When the Supreme Court ruled that corporations had the right to political free speech, it set loose a tidal wave of campaign money that helped elect a new Congress in 2010 and is now reshaping the presidential race.
But the impact of the Citizens United decision has been as surprising and controversial as the ruling itself. Although the high court’s 5-4 decision is best known for saying that corporations may spend freely on campaign ads, the gusher of money pouring into this year’s campaigns has mostly not involved corporate funds. And some of the practices that critics of the decision decry actually stem from a separate case decided by a U.S. Court of Appeals after the Citizens United ruling.
The rise of “super PACs,” which may raise and spend unlimited amounts so long as they do so independently of a candidate, has allowed close aides to candidates to set up supposedly independent committees that have raised huge amounts, primarily from wealthy individuals. The PACs have spent most of their money on negative ads attacking the opposition. That unlimited fundraising was set in motion by Citizens United, but came to full flower after the subsequent Court of Appeals decision.

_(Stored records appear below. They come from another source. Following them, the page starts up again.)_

(* Let $\bm{A}=[\bm{A}_1\ \bm{A}_2]$ have full column rank with $\bm{A}_j^\top\bm{A}_j=\bm{I}_j$ and $\bm{C}:=\bm{A}_2^\top\bm{A}_1\ne0$. Let $S_{00}:=(0,1]\times(0,1]$, $S_{01}:=(0,1]\times[1,\infty)$, $S_{10}:=[1,\infty)\times(0,1]$. Then $\min_{(\gamma_1,\gamma_2)\in S_{00}}\rho(\bm{M}(\gamma_1,\gamma_2))=\rho(\bm{M}(1,1))$, $\min_{(\gamma_1,\gamma_2)\in S_{01}}\rho(\bm{M}(\gamma_1,\gamma_2))=\min_{\gamma_2\ge1}\rho(\bm{M}(1,\gamma_2))$, and $\min_{(\gamma_1,\gamma_2)\in S_{10}}\rho(\bm{M}(\gamma_1,\gamma_2))=\min_{\gamma_1\ge1}\rho(\bm{M}(\gamma_1,1))$.
   Context: $\rho$: spectral radius. $\bm{M}(\gamma_1,\gamma_2)=\begin{bmatrix}(1-\gamma_1)\bm{I}_1&-\gamma_1\bm{C}^\top\\-\gamma_2(1-\gamma_1)\bm{C}&(1-\gamma_2)\bm{I}_2+\gamma_1\gamma_2\bm{C}\bm{C}^\top\end{bmatrix}$, the two-block gradient descent iteration matrix with stepsizes $\gamma_1,\gamma_2$ for least squares under $\bm{A}_j^\top\bm{A}_j=\bm{I}_j$. *)

theory Defs
  imports "Jordan_Normal_Form.Spectral_Radius"
begin

definition rho :: "real mat \<Rightarrow> real" where
  "rho M = spectral_radius (map_mat complex_of_real M)"

text \<open>Two-block gradient descent iteration matrix M(g1,g2), C is n2 x n1.\<close>
definition iterM :: "nat \<Rightarrow> nat \<Rightarrow> real mat \<Rightarrow> real \<Rightarrow> real \<Rightarrow> real mat" where
  "iterM n1 n2 C g1 g2 = four_block_mat
     ((1 - g1) \<cdot>\<^sub>m 1\<^sub>m n1)                 ((- g1) \<cdot>\<^sub>m transpose_mat C)
     ((- (g2 * (1 - g1))) \<cdot>\<^sub>m C)        ((1 - g2) \<cdot>\<^sub>m 1\<^sub>m n2 + (g1 * g2) \<cdot>\<^sub>m (C * transpose_mat C))"
(* Let $C_0\subset\mathbb{R}^n$ be closed, $F:\mathbb{R}^n\to\mathbb{R}^m$ continuously differentiable, $\bar u\in C_0$, and suppose $\mathrm{rge}\,\nabla F(\bar u)\cap N_{C_0}(\bar u)=\{0\}$. Assume $\nabla F$ is semidifferentiable at $\bar u$ for a unit direction $w\in T_{C_0}(\bar u)$. If for $z\in\mathbb{R}^m$ \[ \big[\,\nabla F(\bar u)z\in N_{C_0}(\bar u)\ \text{ and }\ (\nabla F)'(\bar u;w)z\in\mathrm{rge}\,\nabla F(\bar u)+N_{C_0}(\bar u)\,\big]\Longrightarrow z=0, \] then $F+\varDelta_{C_0}$ is metrically 2-regular around $(\bar u,F(\bar u))$ relative to $w$.
   Context: $\varDelta_{C_0}(x):=\{0\}$ if $x\in C_0$ and $\emptyset$ otherwise. $\nabla F(u)$ is the $n\times m$ transpose of the Jacobian, $\mathrm{rge}$ denotes range; $(\nabla F)'(\bar u;w):=\lim_{\tau\searrow0,w'\to w}(\nabla F(\bar u+\tau w')-\nabla F(\bar u))/\tau$ (semidifferentiable if it exists). Tangent cone $T_Z(x):=\limsup_{\tau\searrow0}(Z-x)/\tau$; limiting normal cone $N_{Z}(\bar x):=\limsup_{x\to\bar x,x\in Z}T_Z(x)^\circ$ with $K^\circ:=\{v\mid v^\top w\le0\ \forall w\in K\}$. $\mathbb{B}$ closed unit ball, $\mathrm{cone}(Z):=\bigcup_{\gamma\ge0}\gamma Z$. Graphical derivative $DS(\bar u|\bar y)(w):=\{v\mid(w,v)\in T_{\mathrm{gph}\,S}(\bar u,\bar y)\}$. $S$ is metrically regular around $(u,y)\in\mathrm{gph}\,S$ with constant $c>0$ if there is $\varepsilon>0$ with $\mathrm{dist}[u',S^{-1}(y')]\le c\,\mathrm{dist}[y',S(u')]$ for all $(u',y')\in(u,y)+\varepsilon\mathbb{B}$. $K_{\varepsilon,\delta}(\bar u;w):=\bar u+(\varepsilon\mathbb{B}\cap\mathrm{cone}(w+\delta\mathbb{B}))$. $S$ is metrically 2-regular around $(\bar u,\bar y)$ relative to $w\ne0$ if for some $c>0$ there are $\varepsilon_0,\delta_0,\rho_0>0$ with $\rho_0>\|w\|^{-1}\sup\{\|\eta\|\mid\eta\in DS(\bar u|\bar y)(w)\}$ such that $S$ is metrically regular around $(u,y)$ with constant $c/\|u-\bar u\|$ for all $u\in K_{\varepsilon_0,\delta_0}(\bar u;w)\setminus\{\bar u\}$ and $y\in S(u)\cap(\bar y+\rho_0\|u-\bar u\|\mathbb{B})$. *)

theory Defs
  imports "HOL-Analysis.Analysis"
begin
lemma complete_fcfs_matchingD:
  assumes "complete_fcfs_matching E n cs ss A"
  shows "\<And>m k. (m, k) \<in> A \<Longrightarrow> m < n \<and> k < n \<and> (cs m, ss k) \<in> E"
    and "\<And>m m' k. (m, k) \<in> A \<Longrightarrow> (m', k) \<in> A \<Longrightarrow> m = m'"
    and "\<And>m k. m < n \<Longrightarrow> k < n \<Longrightarrow> (cs m, ss k) \<in> E \<Longrightarrow> (\<exists>k'. (m, k') \<in> A) \<or> (\<exists>m'. (m', k) \<in> A)"
    and "\<And>m k j. (m, k) \<in> A \<Longrightarrow> j < m \<Longrightarrow> (cs j, ss k) \<in> E \<Longrightarrow> \<exists>l<k. (j, l) \<in> A"
proof -
  note M = assms[unfolded complete_fcfs_matching_def]
  show "\<And>m k. (m, k) \<in> A \<Longrightarrow> m < n \<and> k < n \<and> (cs m, ss k) \<in> E"
    using M by auto
  show "\<And>m m' k. (m, k) \<in> A \<Longrightarrow> (m', k) \<in> A \<Longrightarrow> m = m'"
    using M by blast
  show "\<And>m k. m < n \<Longrightarrow> k < n \<Longrightarrow> (cs m, ss k) \<in> E \<Longrightarrow> (\<exists>k'. (m, k') \<in> A) \<or> (\<exists>m'. (m', k) \<in> A)"
    using M by blast
  show "\<And>m k j. (m, k) \<in> A \<Longrightarrow> j < m \<Longrightarrow> (cs j, ss k) \<in> E \<Longrightarrow> \<exists>l<k. (j, l) \<in> A"
    using M by fast
qed

text \<open>Conversely, every complete FCFS matching contains the cycle matching: matching c^i
  with anything but s^{i+1} would force, by the FCFS conditions, a compatible pair that the
  chordless cycle does not have.\<close>

lemma complete_fcfs_matches_next_server:
  assumes cyc: "alternating_cycle E h cs ss" and "chordless_cycle E h cs ss"
    and A: "complete_fcfs_matching E (Suc h) cs ss A"
    and "i < h" "(i, i) \<notin> A"
  shows "(i, Suc i) \<in> A"
proof -
  note chord = chordless_cycleD[OF assms(2)]
  note edge = complete_fcfs_matchingD(1)[OF A]
  have e: "(cs i, ss (Suc i)) \<in> E" using alternating_cycleD(1)[OF cyc] assms(4) .
  then consider k where "(i, k) \<in> A" | m where "(m, Suc i) \<in> A"
    using complete_fcfs_matchingD(3)[OF A, of i "Suc i"] assms(4) by auto
  then show ?thesis
  proof cases
    case (1 k)
    then show ?thesis using chord[of i k] edge[OF 1] assms(4,5) by auto
  next
    case (2 m)
    have "m \<noteq> Suc i"
    proof
      assume "m = Suc i"
      then obtain l where "l < Suc i" "(i, l) \<in> A"
        using complete_fcfs_matchingD(4)[OF A 2, of i] e by auto
      then show False using chord[of i l] edge[of i l] assms(4,5) by auto
    qed
    then show ?thesis using chord[of m "Suc i"] edge[OF 2] 2 by auto
  qed
qed

lemma complete_fcfs_contains_cycle_matching:
  assumes cyc: "alternating_cycle E h cs ss" and chordless: "chordless_cycle E h cs ss"
    and A: "complete_fcfs_matching E (Suc h) cs ss A" and "1 \<le> h"
  shows "cycle_matching h \<subseteq> A"
proof -
  note chord = chordless_cycleD[OF chordless]
  note edge = complete_fcfs_matchingD(1)[OF A]
  note unique = complete_fcfs_matchingD(2)[OF A]
  have next_server: "(i, Suc i) \<in> A" if "i < h" for i
    using that
  proof (induction i)
    case 0
    have "(0, 0) \<notin> A" using edge[of 0 0] chord[of 0 0] 0 by auto
    then show ?case using complete_fcfs_matches_next_server[OF cyc chordless A 0] by simp
  next
    case (Suc i)
    then have "(Suc i, Suc i) \<notin> A" using unique[of i "Suc i" "Suc i"] by auto
    then show ?case using complete_fcfs_matches_next_server[OF cyc chordless A Suc(2)] by simp
  qed
  have no_loop: "(h, h) \<notin> A" using next_server[of "h - 1"] unique[of "h - 1" h h] assms(4) by auto
  consider k where "(h, k) \<in> A" | m where "(m, 0) \<in> A"
    using complete_fcfs_matchingD(3)[OF A, of h 0] alternating_cycleD(3)[OF cyc] by auto
  then have "(h, 0) \<in> A"
  proof cases
    case (1 k)
    then show ?thesis using edge[OF 1] chord[of h k] no_loop by auto
  next
    case (2 m)
    then show ?thesis using edge[OF 2] chord[of m 0] by auto
  qed
  with next_server show ?thesis by (auto simp: cycle_matching_def)
qed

By design or happenstance, a two-track campaign funding system has been created: One features small donors and strict regulation; the other exists for the very wealthy, who are largely freed from regulation.

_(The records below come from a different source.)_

lemma integral_difference_quotient_tendsto:
  fixes F :: "real \<Rightarrow> real"
  assumes cont: "continuous_on UNIV F" and "a \<le> b"
  shows "((\<lambda>z. integral {a..b} (\<lambda>t. (F (t + z) - F t) / z)) \<longlongrightarrow> F b - F a) (at_right 0)"
proof -
  define G where "G s = integral {a - 1..s} F" for s
  have G_deriv: "(G has_real_derivative F t) (at t)" if "a - 1 < t" for t
  proof -
    have "(G has_real_derivative F t) (at t within {a - 1..t + 1})"
      unfolding G_def using that
      by (intro integral_has_real_derivative continuous_on_subset[OF cont]) auto
    then show ?thesis
      using at_within_Icc_at[of "a - 1" t "t + 1"] that by simp
  qed
  have shift: "((\<lambda>t. F (t + z)) has_integral G (b + z) - G (a + z)) {a..b}" if "0 \<le> z" for z
  proof (rule fundamental_theorem_of_calculus[OF \<open>a \<le> b\<close>])
    fix t assume "t \<in> {a..b}"
    then have "(G has_real_derivative F (t + z)) (at (t + z))"
      using that by (intro G_deriv) auto
    then show "((\<lambda>t. G (t + z)) has_vector_derivative F (t + z)) (at t within {a..b})"
      by (simp add: DERIV_shift has_real_derivative_iff_has_vector_derivative[symmetric]
          has_field_derivative_at_within)
  qed
  have integral_eq: "(G (b + z) - G b) / z - (G (a + z) - G a) / z =
      integral {a..b} (\<lambda>t. (F (t + z) - F t) / z)" if "0 < z" for z
  proof -
    have "((\<lambda>t. (F (t + z) - F (t + 0)) / z) has_integral
        ((G (b + z) - G (a + z)) - (G (b + 0) - G (a + 0))) / z) {a..b}"
      using that by (intro has_integral_divide has_integral_diff shift) auto
    then show ?thesis
      by (simp add: integral_unique diff_divide_distrib)
  qed
  have quotient: "((\<lambda>z. (G (s + z) - G s) / z) \<longlongrightarrow> F s) (at_right 0)" if "a \<le> s" for s
    using G_deriv[of s] that filterlim_at_split unfolding DERIV_def by fastforce
  have "((\<lambda>z. (G (b + z) - G b) / z - (G (a + z) - G a) / z) \<longlongrightarrow> F b - F a) (at_right 0)"
    using tendsto_diff[OF quotient[of b] quotient[of a]] \<open>a \<le> b\<close> by simp
  then show ?thesis
  proof (rule Lim_transform_eventually)
    show "\<forall>\<^sub>F z in at_right 0. (G (b + z) - G b) / z - (G (a + z) - G a) / z =
        integral {a..b} (\<lambda>t. (F (t + z) - F t) / z)"
      using eventually_at_right_less by (rule eventually_mono) (rule integral_eq)
  qed
qed

lemma integral_difference_quotient_tendsto_deriv:
  fixes F :: "real \<Rightarrow> real" and h :: "nat \<Rightarrow> real"
  assumes lip: "L-lipschitz_on UNIV F" and N: "negligible N"
    and diff: "\<And>t. t \<in> {a<..<b} - N \<Longrightarrow> F differentiable (at t)"
    and h: "filterlim h (at_right 0) sequentially" "\<And>n. 0 < h n"
  shows "deriv F integrable_on {a..b}"
    and "(\<lambda>n. integral {a..b} (\<lambda>t. (F (t + h n) - F t) / h n)) \<longlonglongrightarrow> integral {a..b} (deriv F)"
proof -
  define q where "q n t = (F (t + h n) - F t) / h n" for n t
  define S where "S = {a<..<b} - N"
  note S_ae = negligible_spikes_Icc_Ioo_diff[OF N, of a b, folded S_def]
  have cont: "continuous_on UNIV F"
    using lip by (rule lipschitz_on_continuous_on)
  have "continuous_on UNIV (q n)" for n
    unfolding q_def using h(2)[of n]
    by (intro continuous_intros continuous_on_compose2[OF cont]) auto
  then have q_int: "q n integrable_on S" for n
    by (rule integrable_spike_set[OF integrable_continuous_interval[OF continuous_on_subset] S_ae]) simp
  have q_bound: "norm (q n t) \<le> L" for n t
  proof -
    have "\<bar>F (t + h n) - F t\<bar> \<le> L * h n"
      using lipschitz_onD[OF lip, of "t + h n" t] h(2)[of n] by (simp add: dist_real_def)
    then show ?thesis
      using h(2)[of n] by (simp add: q_def abs_divide pos_divide_le_eq)
  qed
  have q_lim: "(\<lambda>n. q n t) \<longlonglongrightarrow> deriv F t" if "t \<in> S" for t
  proof -
    have "((\<lambda>k. (F (t + k) - F t) / k) \<longlongrightarrow> deriv F t) (at 0)"
      using diff[of t] that unfolding S_def DERIV_def[symmetric]
      by (simp add: DERIV_deriv_iff_real_differentiable)
    then have "((\<lambda>k. (F (t + k) - F t) / k) \<longlongrightarrow> deriv F t) (at_right 0)"
      using filterlim_at_split by blast
    from filterlim_compose[OF this h(1)] show ?thesis
      by (simp add: q_def)
  qed
  have L_int: "(\<lambda>_. L) integrable_on S"
    using integrable_spike_set[OF integrable_const_ivl S_ae] .
  have "deriv F integrable_on S" "(\<lambda>n. integral S (q n)) \<longlonglongrightarrow> integral S (deriv F)"
    using dominated_convergence[OF q_int L_int q_bound q_lim] by auto
  moreover have "integral S f = integral {a..b} f" for f :: "real \<Rightarrow> real"
    by (rule integral_spike_set[OF S_ae(2,1)])
  ultimately show "deriv F integrable_on {a..b}"
    and "(\<lambda>n. integral {a..b} (\<lambda>t. (F (t + h n) - F t) / h n)) \<longlonglongrightarrow> integral {a..b} (deriv F)"
    using integrable_spike_set[OF _ S_ae(2,1)] unfolding q_def by simp_all
qed
(* Let $\varepsilon\in[0,1)$ and $\mathcal{P},\mathcal{E}\subseteq\mathcal{D}(P)$. Then $$\beta W_{\mathrm{GPO},\varepsilon}(\mathcal{P},\mathcal{E})=D^{\mathcal{E}}_{\min,\varepsilon}(\mathcal{P}\|\mathcal{E}).$$
   Context: All Hilbert spaces are finite-dimensional; $\mathcal{D}(P)$ is the set of density operators on $P$; $T(X,Y)=\tfrac12\|X-Y\|_1$. Battery: qubit $B$ with basis $\{|0\rangle,|1\rangle\}$, $\pi_M=(1-\tfrac1M)|0\rangle\langle0|+\tfrac1M|1\rangle\langle1|$ for $M>1$. For a class of maps $\mathfrak{F}$, the one-shot extractable work into a clean battery is $\beta W_{\mathfrak{F},\varepsilon}(\mathcal{P},\mathcal{E})=\log\sup\{M>1:\exists\mathcal{F}\in\mathfrak{F}\text{ with } T(\mathcal{F}(\rho),|1\rangle\langle1|)\le\varepsilon\ \forall\rho\in\mathcal{P}\text{ and }\mathcal{F}(\tau)=\pi_M\ \forall\tau\in\mathcal{E}\}$. GPO (Gibbs-preserving operations) here means the class of CPTP maps, the Gibbs-preservation requirement being exactly the condition $\mathcal{F}(\tau)=\pi_M$ for all $\tau\in\mathcal{E}$. For $\mathcal{K}$ a set of operators, $V(\mathcal{K})=\operatorname{span}\{\tau-\tau':\tau,\tau'\in\mathcal{K}\}$, and $E\perp V(\mathcal{K})$ means $\operatorname{tr}[EX]=0$ for all $X\in V(\mathcal{K})$. The subspace-constrained min-relative entropy is $$D^{\mathcal{K}}_{\min,\varepsilon}(\mathcal{P}\|\mathcal{E})=-\log\min\Big\{\sup_{\tau\in\mathcal{E}}\operatorname{tr}[\tau E]:0\le E\le I,\ E\perp V(\mathcal{K}),\ \sup_{\rho\in\mathcal{P}}\operatorname{tr}[\rho(I-E)]\le\varepsilon\Big\},$$ with $-\log 0=+\infty$. *)

theory Defs
  imports "Jordan_Normal_Form.Char_Poly" "Jordan_Normal_Form.Schur_Decomposition"
    "HOL-Library.Extended_Real"
begin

Exasperated defenders of the campaign funding laws see the Citizens United decision as a historic blunder that has all but destroyed not just the 1940s limits on campaign spending by corporations and unions, but the post-Watergate reforms as well. This week, which marks the 40th anniversary of the Watergate break-in, they are asking the justices to reconsider the Citizens United ruling by taking up a case from Montana that raises some of the same issues.

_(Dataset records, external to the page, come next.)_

context
  fixes L :: lang and B :: "'a struct" and I :: "'i set" and C :: "'c set" and e :: "'c \<Rightarrow> 'i \<Rightarrow> 'a"
  assumes inj: "inj_on e C" and closed: "substructure L (power B I) (e ` C)"
begin

lemma pullback_funs:
  assumes "f \<in> fsyms L" "length xs = far L f" "set xs \<subseteq> C"
  shows "funs (pullback B I C e) f xs \<in> C"
    and "e (funs (pullback B I C e) f xs) = funs (power B I) f (map e xs)"
proof -
  have "set (map e xs) \<subseteq> e ` C" using assms(3) by auto
  then have "funs (power B I) f (map e xs) \<in> e ` C"
    using closed assms(1,2) unfolding substructure_def by (metis length_map)
  then show "funs (pullback B I C e) f xs \<in> C"
    and "e (funs (pullback B I C e) f xs) = funs (power B I) f (map e xs)"
    using inj by (simp_all add: pullback_def the_inv_into_into f_the_inv_into_f)
qed

lemma is_struct_pullback: "C \<noteq> {} \<Longrightarrow> is_struct L (pullback B I C e)"
  using pullback_funs(1) by (auto simp: is_struct_def pullback_def)

lemma pullback_embedding: "is_embedding L (pullback B I C e) (power B I) e"
  unfolding is_embedding_def is_hom_def
proof (intro conjI ballI allI impI)
  show "e \<in> carrier (pullback B I C e) \<rightarrow> carrier (power B I)"
    using closed unfolding substructure_def pullback_simps by blast
  show "inj_on e (carrier (pullback B I C e))"
    using inj by (simp add: pullback_simps)
next
  fix r xs assume "r \<in> rsyms L" and "length xs = rar L r \<and> set xs \<subseteq> carrier (pullback B I C e)
      \<and> rels (pullback B I C e) r xs"
  then show "rels (power B I) r (map e xs)" by (simp only: pullback_simps)
next
  fix r xs assume "r \<in> rsyms L" and "length xs = rar L r \<and> set xs \<subseteq> carrier (pullback B I C e)
      \<and> rels (power B I) r (map e xs)"
  then show "rels (pullback B I C e) r xs" by (simp only: pullback_simps)
next
  fix f xs assume "f \<in> fsyms L" and "length xs = far L f \<and> set xs \<subseteq> carrier (pullback B I C e)"
  then show "e (funs (pullback B I C e) f xs) = funs (power B I) f (map e xs)"
    by (simp add: pullback_funs(2) pullback_simps(1) del: power_simps)
qed

lemma pullback_coordinate_in_homs:
  assumes "C \<noteq> {}" and "i \<in> I"
  shows "(\<lambda>c\<in>C. e c i) \<in> homs L (pullback B I C e) B"
proof -
  have "is_hom L (pullback B I C e) (power B I) e"
    using pullback_embedding unfolding is_embedding_def by (rule conjunct1)
  then have "is_hom L (pullback B I C e) B ((\<lambda>g. g i) \<circ> e)"
    by (rule is_hom_comp[OF _ power_projection_hom[OF assms(2)]])
  from restrict_in_homs[OF is_struct_pullback[OF assms(1)] this] show ?thesis
    by (simp add: pullback_simps comp_def)
qed

lemma hom_into_pullback:
  assumes hom: "is_hom L A (power B I) \<phi>" and image: "\<phi> ` carrier A \<subseteq> e ` C"
  shows "is_hom L A (pullback B I C e) (the_inv_into C e \<circ> \<phi>)"
proof -
  have e_map: "map e (map (the_inv_into C e \<circ> \<phi>) xs) = map \<phi> xs" if "set xs \<subseteq> carrier A" for xs
    using that image inj by (auto intro!: map_idI f_the_inv_into_f)
  show ?thesis
    unfolding is_hom_def
  proof (intro conjI ballI allI impI)
    show "the_inv_into C e \<circ> \<phi> \<in> carrier A \<rightarrow> carrier (pullback B I C e)"
      unfolding Pi_iff pullback_simps comp_apply using image by (blast intro: the_inv_into_into[OF inj])
    fix r xs assume "r \<in> rsyms L" and xs: "length xs = rar L r \<and> set xs \<subseteq> carrier A \<and> rels A r xs"
    then have "rels (power B I) r (map \<phi> xs)"
      using hom unfolding is_hom_def by (metis length_map)
    then show "rels (pullback B I C e) r (map (the_inv_into C e \<circ> \<phi>) xs)"
      using xs by (simp only: pullback_simps e_map)
  next
    fix f xs assume "f \<in> fsyms L" and xs: "length xs = far L f \<and> set xs \<subseteq> carrier A"
    then have "\<phi> (funs A f xs) = funs (power B I) f (map \<phi> xs)"
      using hom unfolding is_hom_def by blast
    then show "(the_inv_into C e \<circ> \<phi>) (funs A f xs)
        = funs (pullback B I C e) f (map (the_inv_into C e \<circ> \<phi>) xs)"
      using xs by (simp only: pullback_simps e_map comp_apply)
  qed
qed

end

lemma separated_pullback:
  fixes I :: "nat set"
  assumes "inj_on e C" and "substructure L (power B I) (e ` C)"
  shows "separated L B (pullback B I C e)"
  using pullback_embedding[OF assms] by (auto simp: separated_def)

lemma semi_dual_pair_homs_substructure:
  fixes X :: "nat struct"
  assumes "semi_dual_pair L D R E" "is_struct L X" "finite (carrier X)" "separated L D X"
  shows "substructure R (power E (carrier X)) (homs L X D)"
  using assms by (simp add: semi_dual_pair_def)

lemma semi_dual_pair_hom_is_evaluation:
  fixes X :: "nat struct"
  assumes "semi_dual_pair L D R E" "is_struct L X" "finite (carrier X)" "separated L D X"
    and "is_hom R (induced (power E (carrier X)) (homs L X D)) E \<phi>"
  shows "\<exists>x\<in>carrier X. \<forall>f\<in>homs L X D. \<phi> f = f x"
  using assms unfolding semi_dual_pair_def by blast

section \<open>Binary encoding of 0-1 vectors\<close>

definition bitval :: "nat \<Rightarrow> nat \<Rightarrow> nat" where
  "bitval n j = of_bool (bit n j)"

definition bits_encode :: "nat \<Rightarrow> (nat \<Rightarrow> nat) \<Rightarrow> nat" where
  "bits_encode k v = horner_sum of_bool 2 (map (\<lambda>j. v j = 1) [0..<k])"

lemma bit_bits_encode: "bit (bits_encode k v) j \<longleftrightarrow> j < k \<and> v j = 1"
  by (auto simp: bits_encode_def bit_horner_sum_bit_iff)

lemma bitval_bits_encode: "v j \<in> {0, 1} \<Longrightarrow> j < k \<Longrightarrow> bitval (bits_encode k v) j = v j"
  by (auto simp: bitval_def bit_bits_encode)

lemma bits_encode_less: "bits_encode k v < 2 ^ k"
  using horner_sum_of_bool_2_less[of "map (\<lambda>j. v j = 1) [0..<k]"] by (simp add: bits_encode_def)

lemma bits_encode_bitval: "n < 2 ^ k \<Longrightarrow> bits_encode k (bitval n) = n"
  by (simp add: bits_encode_def bitval_def horner_sum_bit_eq_take_bit take_bit_nat_eq_self_iff)

lemma bits_encode_cong:
  assumes "\<And>j. j < k \<Longrightarrow> v j = w j"
  shows "bits_encode k v = bits_encode k w"
proof -
  have "map (\<lambda>j. v j = 1) [0..<k] = map (\<lambda>j. w j = 1) [0..<k]"
    using assms by (intro map_cong) auto
  then show ?thesis unfolding bits_encode_def by (rule arg_cong)
qed

section \<open>The five-point structure\<close>

lemma carrier_S0: "carrier S0 = {0, 1}"
  by (simp add: S0_def)

lemma rels_S0: "rels S0 r [a, b, c] \<longleftrightarrow> (a = 1 \<and> c = 1 \<longrightarrow> b = 1)"
  by (simp add: S0_def)

definition admissible :: "(nat \<Rightarrow> nat) \<Rightarrow> bool" where
  "admissible g \<longleftrightarrow> (g 0 = 1 \<and> g 1 = 1 \<longrightarrow> g 4 = 1) \<and> (g 4 = 1 \<and> g 2 = 1 \<longrightarrow> g 3 = 1)"

definition X5_index :: "nat set" where
  "X5_index = {i. i < 2 ^ 5 \<and> admissible (bitval i)}"

definition X5_embed :: "nat \<Rightarrow> nat \<Rightarrow> nat" where
  "X5_embed x = (\<lambda>i\<in>X5_index. bitval i x)"

text \<open>\<open>X5\<close> is the structure on \<open>{0, \<dots>, 4}\<close> generated by the \<open>\<beta>\<close>-tuples \<open>(0, 4, 1)\<close> and
  \<open>(4, 3, 2)\<close>, embedded into \<open>S0\<close> raised to the set of its admissible assignments.\<close>

definition X5 :: "nat struct" where
  "X5 = pullback S0 X5_index {..<5} X5_embed"

lemma admissible_cong: "(\<And>x. x < 5 \<Longrightarrow> g x = g' x) \<Longrightarrow> admissible g \<longleftrightarrow> admissible g'"
  by (simp add: admissible_def)

lemma bits_encode_in_X5_index:
  assumes "\<And>x. x < 5 \<Longrightarrow> g x \<in> {0, 1}" and "admissible g"
  shows "bits_encode 5 g \<in> X5_index" and "x < 5 \<Longrightarrow> bitval (bits_encode 5 g) x = g x"
proof -
  show bits: "x < 5 \<Longrightarrow> bitval (bits_encode 5 g) x = g x" for x
    using assms(1) by (simp add: bitval_bits_encode)
  have "admissible (bitval (bits_encode 5 g))"
    using assms(2) admissible_cong[of "bitval (bits_encode 5 g)" g] bits by simp
  then show "bits_encode 5 g \<in> X5_index"
    using bits_encode_less[of 5 g] by (simp add: X5_index_def)
qed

Fred Wertheimer, a champion of the campaign funding laws, says the Citizens United decision has “fundamentally undermined our democracy and is taking the nation back to the system of ‘legalized bribery’ that existed in the robber baron and Watergate eras.”
The Supreme Court meets behind closed doors Thursday to discuss the Montana case. But the five justices who supported Citizens United, led by Justice Anthony M. Kennedy, are not likely to agree with the critics. They believe the 1st Amendment fully protects independent spending on campaigns and that more public speech and debate on politics is a plus, not a minus.
But they may be concerned over how political spending has shifted away from candidates and political parties and toward new outside groups.
Before 2010, political action committees were common. They allowed like-minded people — including a company’s employees — to contribute as much as $5,000 each to spend on candidates or campaigns. But in March of 2010, two months after the Citizens United ruling, the contribution lid was lifted.
The U.S. Court of Appeals in Washington, citing the 5-4 opinion, reasoned that since the 1st Amendment guaranteed the right to unrestricted “independent” spending on politics, PACs should have the right to collect unlimited sums, so long as they too were independent.
Thus, the parallel system was born.
Congress had set limits on individual contributions after the Watergate scandal, and they remain in effect today. A person who wants to contribute to the campaigns of President Obama or Mitt Romney, his Republican challenger, may give no more than $5,000 this election cycle. But those who have a million dollars to spend can send their money to a super PAC supporting Obama or Romney. Restore Our Future, a super PAC supporting Romney, has at least 16 donors who have given more than $1 million.
“The real impact of Citizens United,” said Columbia University law professor Richard Briffault, has been to legalize “the unlimited use of private wealth in elections…. You haven’t seen nearly as much business or corporate money as people expected. Most corporations are not eager to be involved in an obvious ways.”
Super PACs must disclose their donors, but those who wish to maintain their anonymity can do so through the not-for-profit groups and trade associations that do not disclose their donors. “More than $120 million in anonymous funds was spent to influence the 2010 elections,” the Campaign Legal Center reported. That number is expected to be far higher in 2012, the group said.
Most companies that have given directly from their corporate treasuries to super PACs are privately held.
The Citizens United issue returned to the high court because of an unusual rebellion in the West.
The Montana Supreme Court refused to strike down its state ban on election spending by corporations. Its judges cited Montana’s history of “copper kings” who bribed legislators.
Indiana attorney James Bopp, who started the Citizens United case, appealed and urged the justices to straighten out the recalcitrant state judges. Defenders of campaign funding laws, including Sen. John McCain, launched their own attack on what they say are errors and “faulty assumptions” in the Citizens United opinion.
Although the high court turns down 99% of appeals, no one expects the Montana appeal to be denied.
The justices could write a summary opinion this month explaining why Citizens United was right — or hear the case in the fall and reconsider whether indeed a mistake was made.